BACKGROUND OF THE INVENTION
[0002] Creamers are used as whitening agents with hot and cold
beverages such as coffee, cocoa, and tea. Creamers are also often
used in the powder or particulate form as replacement for milk or
cream, with cereal or in cooking, for example. Creamers are
available in different flavors and often vary in terms of desired
qualities such as mouth-feel, body, and texture.
[0003] Creamers (or whiteners) are available in liquid or powder
forms. Powdered forms tend to be less able to simulate the
qualities of traditional dairy creamers, such as color, body and
texture, and often fail to achieve complete dissolution.

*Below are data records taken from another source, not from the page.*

lemma circuit_reach_output:
  assumes C: "is_circuit C" and depth: "circ_depth_le C d" and x: "x \<in> sverts C"
  shows "reach_within (sadj C) d x (circ_out C)"
proof -
  obtain xs where xs: "xs \<noteq> []" "successively (arc C) xs" "sunary C 0 (hd xs)" "last xs = x"
    using circuit_wire_from_input[OF C x] by blast
  obtain ys where ys: "ys \<noteq> []" "successively (arc C) ys" "hd ys = x" "last ys = circ_out C"
    using circuit_wire_to_output[OF C x] by blast
  have "successively (arc C) (xs @ tl ys)"
    using xs ys by (cases ys) (auto simp: successively_append_iff successively_Cons)
  moreover have "last (xs @ tl ys) = circ_out C"
    using xs ys by (cases ys) (auto simp: last_append)
  ultimately have "io_path C (xs @ tl ys)"
    unfolding io_path_def using xs by (simp add: successively_conv_nth)
  then have "length (xs @ tl ys) \<le> d" using depth unfolding circ_depth_le_def by blast
  then have "length ys - 1 \<le> d" using xs(1) by simp
  moreover have "reach_within (arc C) (length ys - 1) x (circ_out C)"
    using successively_reach_within[OF ys(2,1)] ys(3,4) by simp
  ultimately have "reach_within (arc C) d x (circ_out C)" by (rule reach_within_mono[rotated])
  then show ?thesis
    by (rule reach_within_mono_rel) (rule circuit_arc_adj[OF C])
qed

lemma circuit_diameter:
  assumes C: "is_circuit C" "circ_depth_le C d" and xy: "x \<in> sverts C" "y \<in> sverts C"
  shows "reach_within (sadj C) (d + d) x y"
proof -
  have "symp (sadj C)" using wf_struct_symp[OF is_circuit_wf_struct[OF C(1)]] .
  then have "reach_within (sadj C) d (circ_out C) y"
    using circuit_reach_output[OF C xy(2)] by (rule reach_within_sym)
  with circuit_reach_output[OF C xy(1)] show ?thesis by (rule reach_within_trans)
qed

section \<open>Geometry of the structure produced by a LOCAL reduction\<close>

lemma sverts_image_struct [simp]:
  "sverts (image_struct Out W) = (\<Union>w\<in>W. r_hosts (Out w))"
  by (simp add: image_struct_def)

lemma image_struct_comp: "image_struct (\<lambda>v. g (h v)) V = image_struct g (h ` V)"
  unfolding image_struct_def by auto

lemma host_unique:
  assumes "valid_red_output G Out R" "u \<in> sverts G" "u' \<in> sverts G"
    "x \<in> r_hosts (Out u)" "x \<in> r_hosts (Out u')"
  shows "u = u'"
  using assms unfolding valid_red_output_def by blast

lemma host_mem_if_image_vert:
  assumes "valid_red_output G Out R" "W \<subseteq> sverts G" "x \<in> sverts (image_struct Out W)"
    "u \<in> sverts G" "x \<in> r_hosts (Out u)"
  shows "u \<in> W"
  using assms host_unique[OF assms(1)] by auto

lemma stored_edge_short:
  assumes "valid_red_output G Out R" "w \<in> sverts G" "(x, y, p) \<in> r_edges (Out w)"
  shows "x \<in> r_hosts (Out w) \<and>
    (\<exists>u\<in>sverts G. y \<in> r_hosts (Out u) \<and> reach_within (sadj G) R w u)"
proof -
  obtain u where "x \<in> r_hosts (Out w)" "u \<in> sverts G" "y \<in> r_hosts (Out u)"
      "is_path G p w u" "length p \<le> Suc R"
    using assms unfolding valid_red_output_def by fastforce
  moreover from this have "reach_within (sadj G) R w u"
    using is_path_reach_within reach_within_mono by fastforce
  ultimately show ?thesis by blast
qed

lemma image_edge_short:
  assumes val: "valid_red_output G Out R" and wfG: "wf_struct s t G" and V: "V \<subseteq> sverts G"
    and e: "sadj (image_struct Out V) x y"
  obtains wx wy where "wx \<in> sverts G" "wy \<in> sverts G" "x \<in> r_hosts (Out wx)"
    "y \<in> r_hosts (Out wy)" "reach_within (sadj G) R wx wy"
proof -
  obtain w p where w: "w \<in> V" and "(x, y, p) \<in> r_edges (Out w) \<or> (y, x, p) \<in> r_edges (Out w)"
    using e by (auto simp: image_struct_def)
  then consider "(x, y, p) \<in> r_edges (Out w)" | "(y, x, p) \<in> r_edges (Out w)" by blast
  then show thesis
  proof cases
    case 1
    then show thesis using stored_edge_short[OF val _ 1] w V that by blast
  next
    case 2
    then obtain u where "u \<in> sverts G" "x \<in> r_hosts (Out u)" "y \<in> r_hosts (Out w)"
        "reach_within (sadj G) R w u"
      using stored_edge_short[OF val _ 2] w V by blast
    then show thesis using reach_within_sym[OF wf_struct_symp[OF wfG]] w V that by blast
  qed
qed

lemma image_edge_mono:
  assumes val: "valid_red_output G Out R" and V: "V \<subseteq> sverts G"
    and e: "sadj (image_struct Out V) x y"
    and hosts: "\<And>u. u \<in> sverts G \<Longrightarrow> x \<in> r_hosts (Out u) \<or> y \<in> r_hosts (Out u) \<Longrightarrow> u \<in> V'"
  shows "sadj (image_struct Out V') x y"
proof -
  obtain w p where w: "w \<in> V" and wp: "(x, y, p) \<in> r_edges (Out w) \<or> (y, x, p) \<in> r_edges (Out w)"
    using e by (auto simp: image_struct_def)
  then have "x \<in> r_hosts (Out w) \<or> y \<in> r_hosts (Out w)"
    using stored_edge_short[OF val] V by blast
  then have "w \<in> V'" using hosts w V by blast
  with wp show ?thesis by (auto simp: image_struct_def)
qed

lemma image_walk_short:
  assumes val: "valid_red_output G Out R" and wfG: "wf_struct s t G" and V: "V \<subseteq> sverts G"
  shows "reach_within (sadj (image_struct Out V)) n x y \<Longrightarrow>
    u \<in> sverts G \<Longrightarrow> x \<in> r_hosts (Out u) \<Longrightarrow> u' \<in> sverts G \<Longrightarrow> y \<in> r_hosts (Out u') \<Longrightarrow>
    reach_within (sadj G) (n * R) u u'"
proof (induction arbitrary: u rule: reach_within.induct)
  case (reach_within_refl n x)
  then have "u = u'" using host_unique[OF val] by blast
  then show ?case by (simp add: reach_within.reach_within_refl)
next
  case (reach_within_step x z n y)
  obtain wx wz where h: "wx \<in> sverts G" "wz \<in> sverts G" "x \<in> r_hosts (Out wx)"
      "z \<in> r_hosts (Out wz)" "reach_within (sadj G) R wx wz"
    using image_edge_short[OF val wfG V reach_within_step(1)] by blast
  have "wx = u" using host_unique[OF val] h reach_within_step by blast
  have "reach_within (sadj G) (n * R) wz u'" using reach_within_step h by blast
  then have "reach_within (sadj G) (R + n * R) wx u'" by (rule reach_within_trans[OF h(5)])
  with \<open>wx = u\<close> show ?case by simp
qed

lemma image_struct_eq_if_verts_subset:
  assumes val: "valid_red_output G Out R" and V: "V \<subseteq> sverts G"
    and verts: "sverts (image_struct Out (sverts G)) \<subseteq> sverts (image_struct Out V)"
  shows "image_struct Out V = image_struct Out (sverts G)"
proof -
  have cover: "u \<in> V" if "u \<in> sverts G" "x \<in> r_hosts (Out u)" for u x
    using host_mem_if_image_vert[OF val V _ that] verts that by auto
  have edge_cover: "u \<in> V" if "u \<in> sverts G" "(x, y, p) \<in> r_edges (Out u)" for u x y p
    using stored_edge_short[OF val that] cover that(1) by blast
  show ?thesis
    unfolding image_struct_def using V cover edge_cover
    by (auto 0 3 intro!: ext)
qed

lemma circuit_image_hosts_close:
  assumes val: "valid_red_output G Out R" and wfG: "wf_struct s t G"
    and W: "W \<subseteq> sverts G" and C: "is_circuit (image_struct Out W)" "circ_depth_le (image_struct Out W) d"
    and v: "v \<in> sverts G" "z \<in> r_hosts (Out v)" "z \<in> sverts (image_struct Out W)"
    and u: "u \<in> sverts G" "x \<in> r_hosts (Out u)" "x \<in> sverts (image_struct Out W)"
  shows "reach_within (sadj G) ((d + d) * R) v u"
  using image_walk_short[OF val wfG W circuit_diameter[OF C v(3) u(3)] v(1,2) u(1,2)] .

lemma ball_image_eq_if_image_circuit:
  assumes val: "valid_red_output G Out R" and wfG: "wf_struct s t G"
    and C: "is_circuit (image_struct Out (sverts G))" "circ_depth_le (image_struct Out (sverts G)) d"
    and v: "v \<in> sverts G" "z \<in> r_hosts (Out v)"
  shows "image_struct Out (graph_ball G ((2 * d + 1) * R) v) = image_struct Out (sverts G)"
proof (rule image_struct_eq_if_verts_subset[OF val])
  let ?B = "graph_ball G ((2 * d + 1) * R) v"
  show "?B \<subseteq> sverts G" using graph_ball_subset[OF wfG] v(1) by blast
  show "sverts (image_struct Out (sverts G)) \<subseteq> sverts (image_struct Out ?B)"
  proof
    fix x assume x: "x \<in> sverts (image_struct Out (sverts G))"
    then obtain u where u: "u \<in> sverts G" "x \<in> r_hosts (Out u)" by auto
    have "reach_within (sadj G) ((d + d) * R) v u"
      using circuit_image_hosts_close[OF val wfG order.refl C v] u x v by auto
    then have "reach_within (sadj G) ((2 * d + 1) * R) v u"
      by (rule reach_within_mono) (simp add: mult_2 add_mult_distrib)
    then have "u \<in> ?B" by (simp add: graph_ball_def)
    with u show "x \<in> sverts (image_struct Out ?B)" by auto
  qed
qed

[0004] Fresh or refrigerated dairy creamers usually provide a good
mouth-feel, but their tendency to spoil rapidly, even under
refrigeration conditions, makes their use inconvenient. This
disadvantage can be overcome by a non-dairy creamer, but the
challenge still remains to create a homogeneous extended shelf-life
(ESL) or aseptic liquid product which has constant manageable
viscosity and is stable during storage for several months at
refrigerated and ambient temperatures, respectively. The main
challenges for powder creamers are good solubility when added to
beverages, without feathering, sedimentation and other
physico-chemical instability issues.
[0005] The market of non-dairy coffee creamers as coffee whiteners
is highly growing, and the US is the market leader for this type of
product. There is also an increased demand for low fat and non fat
creamers. Because fat helps achieve emulsion, it is an added
challenge to provide a creamer that is low or non fat, with the
desired stability, color, texture, body, and flavor.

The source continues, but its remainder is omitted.